Earlier this year, the Richmond city government announced a direct-cash aid program for residents. Since then, it has shown wonderful results: those in need have been able to evade eviction, stave off rising living costs, and even pull themselves out of homelessness.
The Family Crisis Fund follows in the footsteps of a program of the same name announced during the COVID-19 pandemic, where the Robins Foundation joined hands with the city to seed $500,000 in matching contributions to aid families in need of financial relief.
Fairfax County has also been experimenting with a cash aid program, offering $750 a month to as many as 180 low-income families. This experiment has wrought the earth-upending conclusion that helping people in need is good, actually.
Cash aid programs are a testament to the reality that poverty is a vicious cycle that is virtually inescapable without aid. Cities around the country have been experimenting with it to varying degrees of success, but the overwhelming conclusion is simple: direct cash aid helps our most vulnerable.

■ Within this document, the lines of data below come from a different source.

definition star_dynamical_system ::
  "(complex \<Rightarrow> 'a::ring_1 \<Rightarrow> 'a) \<Rightarrow> ('a \<Rightarrow> 'a) \<Rightarrow> ('a \<Rightarrow> complex) \<Rightarrow> ('a \<Rightarrow> 'a) \<Rightarrow> bool" where
  "star_dynamical_system sc st \<phi> \<tau> \<longleftrightarrow>
     unital_star_algebra sc st \<and> is_state sc st \<phi> \<and>
     (\<forall>a b. \<tau> (a + b) = \<tau> a + \<tau> b) \<and>
     (\<forall>c a. \<tau> (sc c a) = sc c (\<tau> a)) \<and>
     \<tau> 1 = 1 \<and>
     (\<forall>a. Re (\<phi> (st (\<tau> a) * \<tau> a)) \<le> Re (\<phi> (st a * a)))"

definition ergodic ::
  "(complex \<Rightarrow> 'a::ring_1 \<Rightarrow> 'a) \<Rightarrow> ('a \<Rightarrow> 'a) \<Rightarrow> ('a \<Rightarrow> complex) \<Rightarrow> ('a \<Rightarrow> 'a) \<Rightarrow> bool" where
  "ergodic sc st \<phi> \<tau> \<longleftrightarrow>
     star_dynamical_system sc st \<phi> \<tau> \<and>
     (\<forall>As :: nat \<Rightarrow> 'a.
        ((\<lambda>n. phi_norm st \<phi> (\<tau> (As n) - As n)) \<longlonglongrightarrow> 0) \<and>
        (\<forall>e>0. \<exists>N. \<forall>m n. m > N \<and> n > N \<longrightarrow> phi_norm st \<phi> (As m - As n) \<le> e)
        \<longrightarrow> (\<exists>\<alpha>::complex. (\<lambda>n. phi_norm st \<phi> (As n - sc \<alpha> 1)) \<longlonglongrightarrow> 0))"

definition relatively_dense :: "nat set \<Rightarrow> bool" where
  "relatively_dense E \<longleftrightarrow> (\<exists>n\<ge>1. \<forall>j\<ge>1. E \<inter> {j..<j+n} \<noteq> {})"

end

theory Submission
  imports Defs
begin

(* The orbit averages of B (dyadic convex combinations of tau B, ..., tau^N B) form a
   midpoint-convex set. A sequence of such averages minimizing the seminorm is Cauchy by the
   parallelogram law, and since tau maps averages to averages without increasing the seminorm,
   it is asymptotically tau-invariant. Ergodicity makes it converge to a scalar, which must be
   phi B because phi is tau-invariant. Hence some average X of tau B, ..., tau^N B is within
   delta of phi B, so by Cauchy-Schwarz and contractivity phi (A tau^j X) is within epsilon of
   phi A phi B for every j. As phi (A tau^j X) is an average of the values
   phi (A tau^(j+k) B) with 1 <= k <= N, one of them has modulus greater than
   |phi A phi B| - epsilon, so the set meets every window of length N. *)

lemma minimizing_sequence:
  fixes f :: "'a \<Rightarrow> real"
  assumes "S \<noteq> {}" and "bdd_below (f ` S)"
  obtains Y where "\<And>m. Y m \<in> S" and "(\<lambda>m. f (Y m)) \<longlonglongrightarrow> (INF x\<in>S. f x)"
proof -
  have "\<exists>x\<in>S. f x < (INF x\<in>S. f x) + inverse (real (Suc m))" for m
    using assms by (subst cINF_less_iff[symmetric]) auto
  then obtain Y where Y: "\<And>m. Y m \<in> S"
    and below: "\<And>m. f (Y m) < (INF x\<in>S. f x) + inverse (real (Suc m))"
    by metis
  have "(\<lambda>m. f (Y m)) \<longlonglongrightarrow> (INF x\<in>S. f x)"
  proof (rule tendsto_sandwich[OF _ _ tendsto_const LIMSEQ_inverse_real_of_nat_add])
    show "\<forall>\<^sub>F m in sequentially. (INF x\<in>S. f x) \<le> f (Y m)"
      using assms(2) Y by (simp add: cINF_lower)
    show "\<forall>\<^sub>F m in sequentially. f (Y m) \<le> (INF x\<in>S. f x) + inverse (real (Suc m))"
      using below by (simp add: less_imp_le)
  qed
  with Y show thesis by (rule that)
qed

locale positive_sesquilinear_form =
  fixes sc :: "complex \<Rightarrow> 'a::ab_group_add \<Rightarrow> 'a" and ip :: "'a \<Rightarrow> 'a \<Rightarrow> complex"
  assumes ip_add_left: "ip (a + b) c = ip a c + ip b c"
    and ip_add_right: "ip a (b + c) = ip a b + ip a c"
    and ip_scale_left: "ip (sc k a) b = cnj k * ip a b"
    and ip_scale_right: "ip a (sc k b) = k * ip a b"
    and ip_self_real: "Im (ip a a) = 0"
    and ip_self_nonneg: "0 \<le> Re (ip a a)"
begin

lemma ip_diff_left: "ip (a - b) c = ip a c - ip b c"
  by (rule additive.diff) (simp add: Modules.additive_def ip_add_left)

lemma ip_diff_right: "ip a (b - c) = ip a b - ip a c"
  by (rule additive.diff) (simp add: Modules.additive_def ip_add_right)

lemmas ip_simps [simp] =
  ip_add_left ip_add_right ip_diff_left ip_diff_right ip_scale_left ip_scale_right

definition quad :: "'a \<Rightarrow> real" where
  "quad a = Re (ip a a)"

lemma ip_self: "ip a a = of_real (quad a)"
  using ip_self_real[of a] by (simp add: quad_def complex_eq_iff)

lemma quad_nonneg: "0 \<le> quad a"
  by (simp add: quad_def ip_self_nonneg)

text \<open>Hermitian symmetry need not be assumed: it follows by polarization from the
  reality of \<open>ip a a\<close>.\<close>
lemma ip_hermitian: "ip b a = cnj (ip a b)"
proof -
  have "Im (ip (a + b) (a + b)) = 0" "Im (ip (a + sc \<i> b) (a + sc \<i> b)) = 0"
    by (simp_all only: ip_self_real)
  then have "Im (ip a b + ip b a) = 0" "Re (ip a b - ip b a) = 0"
    using ip_self_real[of a] ip_self_real[of b] by (simp_all add: algebra_simps)
  then show ?thesis by (simp add: complex_eq_iff)
qed

lemma quad_add: "quad (a + b) = quad a + quad b + 2 * Re (ip a b)"
  using ip_hermitian[of a b] by (simp add: quad_def)

lemma quad_diff: "quad (a - b) = quad a + quad b - 2 * Re (ip a b)"
  using ip_hermitian[of a b] by (simp add: quad_def)

lemma quad_scale: "quad (sc k a) = (cmod k)\<^sup>2 * quad a"
proof -
  have "of_real (quad (sc k a)) = (k * cnj k) * ip a a"
    by (simp add: ip_self[symmetric] mult.commute)
  also have "\<dots> = of_real ((cmod k)\<^sup>2 * quad a)"
    by (simp only: ip_self complex_norm_square[symmetric] of_real_mult)
  finally show ?thesis by (simp only: of_real_eq_iff)
qed

lemma quad_parallelogram: "quad (a - b) = 2 * quad a + 2 * quad b - 4 * quad (sc (1/2) (a + b))"
  by (simp add: quad_add quad_diff quad_scale power2_eq_square field_simps)

lemma Cauchy_Schwarz_squared: "(cmod (ip a b))\<^sup>2 \<le> quad a * quad b"
proof -
  define z where "z = ip a b"
  have ray: "0 \<le> quad a + t\<^sup>2 * (cmod z)\<^sup>2 * quad b - 2 * t * (cmod z)\<^sup>2" for t :: real
  proof -
    have "Re (- (of_real t * cnj z) * z) = - t * (cmod z)\<^sup>2"
      unfolding cmod_power2 by (simp add: algebra_simps power2_eq_square)
    moreover have "(cmod (- (of_real t * cnj z)))\<^sup>2 = t\<^sup>2 * (cmod z)\<^sup>2"
      by (simp add: norm_mult power_mult_distrib)
    ultimately have "quad (a + sc (- (of_real t * cnj z)) b)
        = quad a + t\<^sup>2 * (cmod z)\<^sup>2 * quad b - 2 * t * (cmod z)\<^sup>2"
      by (simp only: quad_add quad_scale ip_scale_right z_def)
    then show ?thesis using quad_nonneg by metis
  qed
  show ?thesis
  proof (cases "quad b = 0")
    case True
    have "(cmod z)\<^sup>2 = 0"
    proof (rule ccontr)
      assume "(cmod z)\<^sup>2 \<noteq> 0"
      then have "(cmod z)\<^sup>2 > 0" by simp
      with ray[of "(quad a + 1) / (2 * (cmod z)\<^sup>2)"] True show False by simp
    qed
    with True show ?thesis by (simp add: z_def)
  next
    case False
    then have "quad b > 0" using quad_nonneg[of b] by simp
    with ray[of "1 / quad b"] show ?thesis
      by (simp add: z_def power2_eq_square field_simps)
  qed
qed

lemma Cauchy_Schwarz: "cmod (ip a b) \<le> sqrt (quad a) * sqrt (quad b)"
  using Cauchy_Schwarz_squared[of a b] by (simp add: real_le_rsqrt real_sqrt_mult[symmetric])

context
  fixes C :: "'a set" and D :: real
  assumes midpoint_closed: "\<And>X Y. X \<in> C \<Longrightarrow> Y \<in> C \<Longrightarrow> sc (1/2) (X + Y) \<in> C"
    and quad_lower: "\<And>X. X \<in> C \<Longrightarrow> D \<le> quad X"
begin

lemma quad_diff_le_excess:
  assumes "X \<in> C" and "Y \<in> C"
  shows "quad (X - Y) \<le> 2 * (quad X - D) + 2 * (quad Y - D)"
  using quad_parallelogram[of X Y] quad_lower[OF midpoint_closed[OF assms]] by simp

lemma minimizing_sequence_Cauchy:
  assumes Y: "\<And>m. Y m \<in> C" and lim: "(\<lambda>m. quad (Y m)) \<longlonglongrightarrow> D"
  shows "\<forall>e>0. \<exists>N. \<forall>m n. m > N \<and> n > N \<longrightarrow> sqrt (quad (Y m - Y n)) \<le> e"
proof (intro allI impI)
  fix e :: real
  assume "e > 0"
  then have "D < D + e\<^sup>2 / 4" by simp
  from order_tendstoD(2)[OF lim this] obtain N where N: "\<And>m. m \<ge> N \<Longrightarrow> quad (Y m) < D + e\<^sup>2 / 4"
    by (auto simp: eventually_sequentially)
  have "sqrt (quad (Y m - Y n)) \<le> e" if "m > N" "n > N" for m n
  proof (rule real_le_lsqrt)
    show "quad (Y m - Y n) \<le> e\<^sup>2"
      using quad_diff_le_excess[OF Y Y, of m n] N[of m] N[of n] that by simp
  qed (use \<open>e > 0\<close> in simp)
  then show "\<exists>N. \<forall>m n. m > N \<and> n > N \<longrightarrow> sqrt (quad (Y m - Y n)) \<le> e" by blast
qed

These programs are generally very good, but there’s always room for improvement. The reality is that each of these programs follows the neoliberal mold and relies entirely upon means-testing to determine who is worthy of aid. This is an incredibly slippery slope, as any degree of means-testing opens Pandora’s neoliberal box, inviting absurdly granular qualifications that lock many out of the process (Kamala Harris’ word-salad solution to student debt comes to mind). The Fairfax County aid program, for example, needs an entire paragraph just to list the requirements, and that’s not even scratching the surface of what it actually looks like to navigate them. Even if people do qualify, though, there just isn’t enough money to go around–the 180 families that received aid were selected randomly, with many qualified applicants left hung out to dry.
Cash aid may be no panacea, but it is an unequivocally good thing. After all, any aid is better than none at all. Our only hope is that these programs are expanded with the funding needed to spread to more families in need now that they’ve proven to help.